definition order_isomorphic :: "'a::linorder list \<Rightarrow> 'b::linorder list \<Rightarrow> bool" where
  "order_isomorphic xs ys \<longleftrightarrow> length xs = length ys \<and>
     (\<forall>i<length xs. \<forall>j<length xs. xs ! i < xs ! j \<longleftrightarrow> ys ! i < ys ! j)"

lemma order_isomorphic_std: "order_isomorphic xs (std xs)"
  by (simp add: order_isomorphic_def std_nth_less_iff)

lemma order_isomorphic_sym: "order_isomorphic xs ys \<Longrightarrow> order_isomorphic ys xs"
  by (auto simp: order_isomorphic_def)

lemma order_isomorphic_trans:
  "order_isomorphic xs ys \<Longrightarrow> order_isomorphic ys zs \<Longrightarrow> order_isomorphic xs zs"
  by (auto simp: order_isomorphic_def)

lemma std_eq_imp_order_isomorphic: "std xs = std ys \<Longrightarrow> order_isomorphic xs ys"
  by (metis order_isomorphic_std order_isomorphic_sym order_isomorphic_trans)

lemma order_isomorphic_imp_std_eq:
  assumes "order_isomorphic xs ys" "distinct xs"
  shows "std xs = std ys"
proof -
  define f where "f y = ys ! (THE i. i < length xs \<and> xs ! i = y)" for y
  have f_nth: "f (xs ! i) = ys ! i" if "i < length xs" for i
  proof -
    have "(THE j. j < length xs \<and> xs ! j = xs ! i) = i"
      using that assms(2) by (auto simp: nth_eq_iff_index_eq)
    then show ?thesis
      by (simp add: f_def)
  qed
  have "map f xs = ys"
    using assms(1) by (auto simp: order_isomorphic_def f_nth intro: nth_equalityI)
  moreover have "strict_mono_on (set xs) f"
    using assms(1) by (auto simp: strict_mono_on_def order_isomorphic_def in_set_conv_nth f_nth)
  ultimately show ?thesis
    using std_map_strict_mono_on by metis
qed

lemma order_isomorphic_snoc:
  assumes "order_isomorphic xs ys"
    and "\<And>i. i < length xs \<Longrightarrow> (xs ! i < a \<longleftrightarrow> ys ! i < b) \<and> (a < xs ! i \<longleftrightarrow> b < ys ! i)"
  shows "order_isomorphic (xs @ [a]) (ys @ [b])"
  using assms by (auto simp: order_isomorphic_def nth_append less_Suc_eq)

subsection \<open>Avoiding 312\<close>

definition avoids_312 :: "'a::linorder list \<Rightarrow> bool" where
  "avoids_312 xs \<longleftrightarrow>
     \<not> (\<exists>i j l. i < j \<and> j < l \<and> l < length xs \<and> xs ! j < xs ! l \<and> xs ! l < xs ! i)"

lemma avoids_312_order_isomorphic:
  "order_isomorphic xs ys \<Longrightarrow> avoids_312 xs \<Longrightarrow> avoids_312 ys"
  unfolding avoids_312_def order_isomorphic_def by (metis less_trans)

lemma std_312:
  assumes "b < c" "c < a"
  shows "std [a, b, c] = [3, 1, 2]"
proof -
  have "{y \<in> set [a, b, c]. y \<le> a} = {a, b, c}" "{y \<in> set [a, b, c]. y \<le> b} = {b}"
    "{y \<in> set [a, b, c]. y \<le> c} = {b, c}"
    using assms by auto
  then show ?thesis
    using assms by (simp add: std_def)
qed

lemma filter_mem_upt_3:
  assumes "i < j" "j < l" "l < n"
  shows "filter (\<lambda>t. t \<in> {i, j, l}) [0..<n] = [i, j, l]"
proof (rule sorted_distinct_set_unique)
  show "sorted (filter (\<lambda>t. t \<in> {i, j, l}) [0..<n])"
    using sorted_filter[of id "[0..<n]"] by simp
  show "sorted [i, j, l]" "distinct [i, j, l]"
    using assms by auto
  show "set (filter (\<lambda>t. t \<in> {i, j, l}) [0..<n]) = set [i, j, l]"
    using assms by auto
qed simp

lemma avoids_iff_avoids_312: "avoids xs [3, 1, 2] \<longleftrightarrow> avoids_312 xs"
proof
  assume "avoids xs [3, 1, 2]"
  show "avoids_312 xs"
  proof (unfold avoids_312_def, clarify)
    fix i j l assume *: "i < j" "j < l" "l < length xs" "xs ! j < xs ! l" "xs ! l < xs ! i"
    then have "pat {i, j, l} xs = [3, 1, 2]"
      unfolding pat_def nths_conv_map_filter by (simp only: filter_mem_upt_3 list.map std_312)
    moreover have "{i, j, l} \<subseteq> {..<length xs}"
      using * by auto
    ultimately show False
      using \<open>avoids xs [3, 1, 2]\<close> unfolding avoids_def by blast
  qed
next
  assume "avoids_312 xs"
  show "avoids xs [3, 1, 2]"
  proof (unfold avoids_def, clarify)
    fix I assume "I \<subseteq> {..<length xs}" "pat I xs = [3, 1, 2]"
    define L where "L = filter (\<lambda>t. t \<in> I) [0..<length xs]"
    have std_ys: "std (map (nth xs) L) = [3, 1, 2]"
      using \<open>pat I xs = [3, 1, 2]\<close> by (simp add: pat_def nths_conv_map_filter L_def)
    have L3: "length L = 3"
      using arg_cong[OF std_ys, of length] by (simp only: length_std length_map) simp
    have "xs ! (L ! 1) < xs ! (L ! 2)" "xs ! (L ! 2) < xs ! (L ! 0)"
      using std_nth_less_iff[of 1 "map (nth xs) L" 2] std_nth_less_iff[of 2 "map (nth xs) L" 0]
      by (simp_all add: std_ys L3)
    moreover have "sorted_wrt (<) L"
      by (simp add: L_def sorted_wrt_filter)
    then have "L ! 0 < L ! 1" "L ! 1 < L ! 2"
      using L3 by (simp_all add: sorted_wrt_iff_nth_less)
    moreover have "L ! 2 < length xs"
      using nth_mem[of 2 L] L3 by (simp add: L_def)
    ultimately show False
      using \<open>avoids_312 xs\<close> unfolding avoids_312_def by blast
  qed
qed

lemma Av_312_iff: "\<sigma> \<in> Av n {[3, 1, 2]} \<longleftrightarrow> length \<sigma> = n \<and> is_perm \<sigma> \<and> avoids_312 \<sigma>"
  by (simp add: Av_def flip: avoids_iff_avoids_312)

subsection \<open>Windows and the overlap graph\<close>

lemma W_map_strict_mono: "strict_mono f \<Longrightarrow> W k (map f xs) = W k xs"
  by (simp add: W_def pat_def nths_map std_map_strict_mono_on monotone_on_subset[OF _ subset_UNIV])

lemma W_length_eq: "length xs = k \<Longrightarrow> W k xs = [std xs]"
  by (simp add: W_def pat_interval)

lemma last_W: "k \<le> length xs \<Longrightarrow> last (W k xs) = std (drop (length xs - k) xs)"
  by (simp add: W_def pat_interval)

lemma W_snoc:
  assumes "k \<le> length xs"
  shows "W k (xs @ [a]) = W k xs @ [std (drop (Suc (length xs) - k) (xs @ [a]))]"
proof -
  have "[0..<length (xs @ [a]) - k + 1] = [0..<length xs - k + 1] @ [Suc (length xs) - k]"
    using assms by (simp add: Suc_diff_le)
  moreover have "pat {i..<i+k} (xs @ [a]) = pat {i..<i+k} xs" if "i + k \<le> length xs" for i
    using that by (simp add: pat_interval)
  ultimately show ?thesis
    using assms by (simp add: W_def pat_interval)
qed

lemma ov_start_eq: "ov_start k \<pi> = std (take (k - 1) \<pi>)"
  using pat_interval[of 0 "k - 1" \<pi>] by (simp add: ov_start_def)

lemma ov_end_eq: "length \<pi> = k \<Longrightarrow> ov_end k \<pi> = std (drop 1 \<pi>)"
  using pat_interval[of 1 "k - 1" \<pi>] by (cases k) (simp_all add: ov_end_def pat_def)

subsection \<open>Appending a value to a permutation\<close>

definition bump :: "nat \<Rightarrow> nat \<Rightarrow> nat" where
  "bump x y = (if x \<le> y then Suc y else y)"

definition append_value :: "nat \<Rightarrow> nat list \<Rightarrow> nat list" where
  "append_value x \<sigma> = map (bump x) \<sigma> @ [x]"

lemma strict_mono_bump: "strict_mono (bump x)"
  by (rule strict_monoI) (auto simp: bump_def)

lemma bump_less_iff: "bump x y < x \<longleftrightarrow> y < x"
  by (auto simp: bump_def)

lemma less_bump_iff: "x < bump x y \<longleftrightarrow> x \<le> y"
  by (auto simp: bump_def)

lemma bump_image_interval:
  assumes "1 \<le> x" "x \<le> Suc n"
  shows "bump x ` {1..n} = {1..Suc n} - {x}"
proof
  show "bump x ` {1..n} \<subseteq> {1..Suc n} - {x}"
    by (auto simp: bump_def)
  show "{1..Suc n} - {x} \<subseteq> bump x ` {1..n}"
  proof
    fix z assume z: "z \<in> {1..Suc n} - {x}"
    show "z \<in> bump x ` {1..n}"
    proof (cases "z < x")
      case True
      then show ?thesis
        using z assms by (auto simp: bump_def image_iff intro!: bexI[of _ z])
    next
      case False
      then show ?thesis
        using z assms by (auto simp: bump_def image_iff intro!: bexI[of _ "z - 1"])
    qed
  qed
qed

lemma is_perm_append_value:
  assumes "is_perm \<sigma>" "1 \<le> x" "x \<le> Suc (length \<sigma>)"
  shows "is_perm (append_value x \<sigma>)"
proof -
  have "distinct (map (bump x) \<sigma>)" "x \<notin> bump x ` set \<sigma>"
    using assms(1) strict_mono_bump[of x]
    by (auto simp: is_perm_def distinct_map strict_mono_eq inj_on_def bump_def)
  moreover have "insert x (bump x ` {1..length \<sigma>}) = {1..Suc (length \<sigma>)}"
    using bump_image_interval[OF assms(2,3)] assms(2,3) by auto
  ultimately show ?thesis
    using assms(1) by (simp add: is_perm_def append_value_def)
qed

lemma exists_threshold:
  fixes v :: "nat list" and u :: "'a::linorder list"
  assumes iso: "order_isomorphic v u" and bound: "set v \<subseteq> {..N}"
  shows "\<exists>x \<in> insert (Suc N) (set v). \<forall>j<length v. x \<le> v ! j \<longleftrightarrow> c < u ! j"
proof (cases "\<exists>j<length v. c < u ! j")
  case False
  have "\<not> Suc N \<le> v ! j" if "j < length v" for j
    using bound nth_mem[OF that] by auto
  then show ?thesis
    using False by blast
next
  case True
  define J where "J = {j. j < length v \<and> c < u ! j}"
  have "finite J" "J \<noteq> {}"
    using True by (auto simp: J_def)
  then have "Min ((!) v ` J) \<in> (!) v ` J"
    by simp
  then obtain j0 where j0_in: "j0 \<in> J" and j0_min: "Min ((!) v ` J) = v ! j0"
    by blast
  have j0: "j0 \<in> J" "\<forall>j\<in>J. v ! j0 \<le> v ! j"
    using j0_in \<open>finite J\<close> by (auto simp flip: j0_min intro!: Min_le)
  have "v ! j0 \<le> v ! j \<longleftrightarrow> c < u ! j" if "j < length v" for j
  proof
    assume "v ! j0 \<le> v ! j"
    moreover have "j0 < length v"
      using j0(1) by (simp add: J_def)
    ultimately have "\<not> u ! j < u ! j0"
      using iso that unfolding order_isomorphic_def by (metis leD)
    then show "c < u ! j"
      using j0(1) by (auto simp: J_def)
  next
    assume "c < u ! j"
    then show "v ! j0 \<le> v ! j"
      using j0(2) that by (simp add: J_def)
  qed
  moreover have "v ! j0 \<in> set v"
    using j0(1) by (simp add: J_def)
  ultimately show ?thesis
    by blast
qed

lemma order_isomorphic_append_value:
  fixes u :: "'a::linorder list"
  assumes iso: "order_isomorphic v u" and "c \<notin> set u"
    and threshold: "\<forall>j<length v. x \<le> v ! j \<longleftrightarrow> c < u ! j"
  shows "order_isomorphic (map (bump x) v @ [x]) (u @ [c])"
proof (rule order_isomorphic_snoc)
  show "order_isomorphic (map (bump x) v) u"
    using iso strict_mono_less[OF strict_mono_bump] by (simp add: order_isomorphic_def)
  fix i assume "i < length (map (bump x) v)"
  moreover have "u ! i \<noteq> c"
    using \<open>c \<notin> set u\<close> calculation iso by (auto simp: order_isomorphic_def)
  ultimately show "(map (bump x) v ! i < x \<longleftrightarrow> u ! i < c) \<and> (x < map (bump x) v ! i \<longleftrightarrow> c < u ! i)"
    using threshold[rule_format, of i] by (auto simp: bump_less_iff less_bump_iff)
qed

lemma avoids_312_append_value:
  assumes avoids: "avoids_312 \<sigma>" and "distinct \<sigma>"
    and window: "avoids_312 (drop s (append_value x \<sigma>))"
    and x: "x \<in> set (drop s \<sigma>) \<or> (\<forall>y\<in>set \<sigma>. y < x)"
  shows "avoids_312 (append_value x \<sigma>)"
proof -
  define n where "n = length \<sigma>"
  define \<tau> where "\<tau> = append_value x \<sigma>"
  have \<tau>_nth: "\<tau> ! i = bump x (\<sigma> ! i)" if "i < n" for i
    using that by (simp add: \<tau>_def append_value_def n_def nth_append)
  have \<tau>_last: "\<tau> ! n = x" and length_\<tau>: "length \<tau> = Suc n"
    by (simp_all add: \<tau>_def append_value_def n_def nth_append)
  have no_312_ending_in_window:
    "\<not> (s \<le> a \<and> a < b \<and> b < n \<and> \<tau> ! b < x \<and> x < \<tau> ! a)" for a b
  proof
    assume ab: "s \<le> a \<and> a < b \<and> b < n \<and> \<tau> ! b < x \<and> x < \<tau> ! a"
    then have "a - s < b - s \<and> b - s < n - s \<and> n - s < length (drop s \<tau>) \<and>
        drop s \<tau> ! (b - s) < drop s \<tau> ! (n - s) \<and> drop s \<tau> ! (n - s) < drop s \<tau> ! (a - s)"
      using length_\<tau> \<tau>_last by auto
    then show False
      using window unfolding \<tau>_def[symmetric] avoids_312_def by blast
  qed
  show ?thesis
    unfolding \<tau>_def[symmetric] avoids_312_def
  proof clarify
    fix i j l assume ijl: "i < j" "j < l" "l < length \<tau>" "\<tau> ! j < \<tau> ! l" "\<tau> ! l < \<tau> ! i"
    show False
    proof (cases "l < n")
      case True
      then show False
        using avoids ijl by (simp add: avoids_312_def n_def \<tau>_nth strict_mono_less[OF strict_mono_bump])
    next
      case False
      then have "l = n" "j < n"
        using ijl length_\<tau> by auto
      then have \<tau>i: "x < \<tau> ! i" and \<tau>j: "\<tau> ! j < x"
        using ijl \<tau>_last by auto
      then have \<sigma>i: "x \<le> \<sigma> ! i" and \<sigma>j: "\<sigma> ! j < x"
        using \<open>j < n\<close> ijl(1) \<tau>_nth by (simp_all add: less_bump_iff bump_less_iff)
      show False
      proof (cases "s \<le> i")
        case True
        then show False
          using no_312_ending_in_window ijl(1) \<open>j < n\<close> \<tau>i \<tau>j by blast
      next
        case False
        have "\<sigma> ! i \<in> set \<sigma>"
          using ijl(1) \<open>j < n\<close> by (simp add: n_def)
        then have "x \<in> set (drop s \<sigma>)"
          using x \<sigma>i by (auto dest: leD)
        then obtain q where "q < length (drop s \<sigma>)" "drop s \<sigma> ! q = x"
          by (auto simp: in_set_conv_nth)
        then have p: "s \<le> s + q" "s + q < n" "\<sigma> ! (s + q) = x"
          by (simp_all add: n_def)
        have "\<sigma> ! (s + q) \<noteq> \<sigma> ! i"
          using p(2) False \<open>distinct \<sigma>\<close> ijl(1) \<open>j < n\<close> by (simp add: n_def nth_eq_iff_index_eq)
        then have "\<sigma> ! (s + q) < \<sigma> ! i"
          using p(3) \<sigma>i by simp
        have "j \<noteq> s + q"
          using \<sigma>j p(3) by blast
        then consider "j < s + q" | "s + q < j"
          by linarith
        then show False
        proof cases
          case 1
          then show False
            using avoids ijl(1) \<sigma>j p \<open>\<sigma> ! (s + q) < \<sigma> ! i\<close> by (auto simp: avoids_312_def n_def)
        next
          case 2
          have "x < \<tau> ! (s + q)"
            using p by (simp add: \<tau>_nth less_bump_iff)
          then show False
            using no_312_ending_in_window 2 p \<open>j < n\<close> \<tau>j by blast
        qed
      qed
    qed
  qed
qed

┄┄┄┄┄┄┄┄┄┄

What is needed
Would you please copy every line in the data that contains the word "cases"?

The completed task
  using pat_interval[of 1 "k - 1" \<pi>] by (cases k) (simp_all add: ov_end_def pat_def)
    proof (cases "z < x")
proof (cases "\<exists>j<length v. c < u ! j")
    proof (cases "l < n")
      proof (cases "s \<le> i")
        proof cases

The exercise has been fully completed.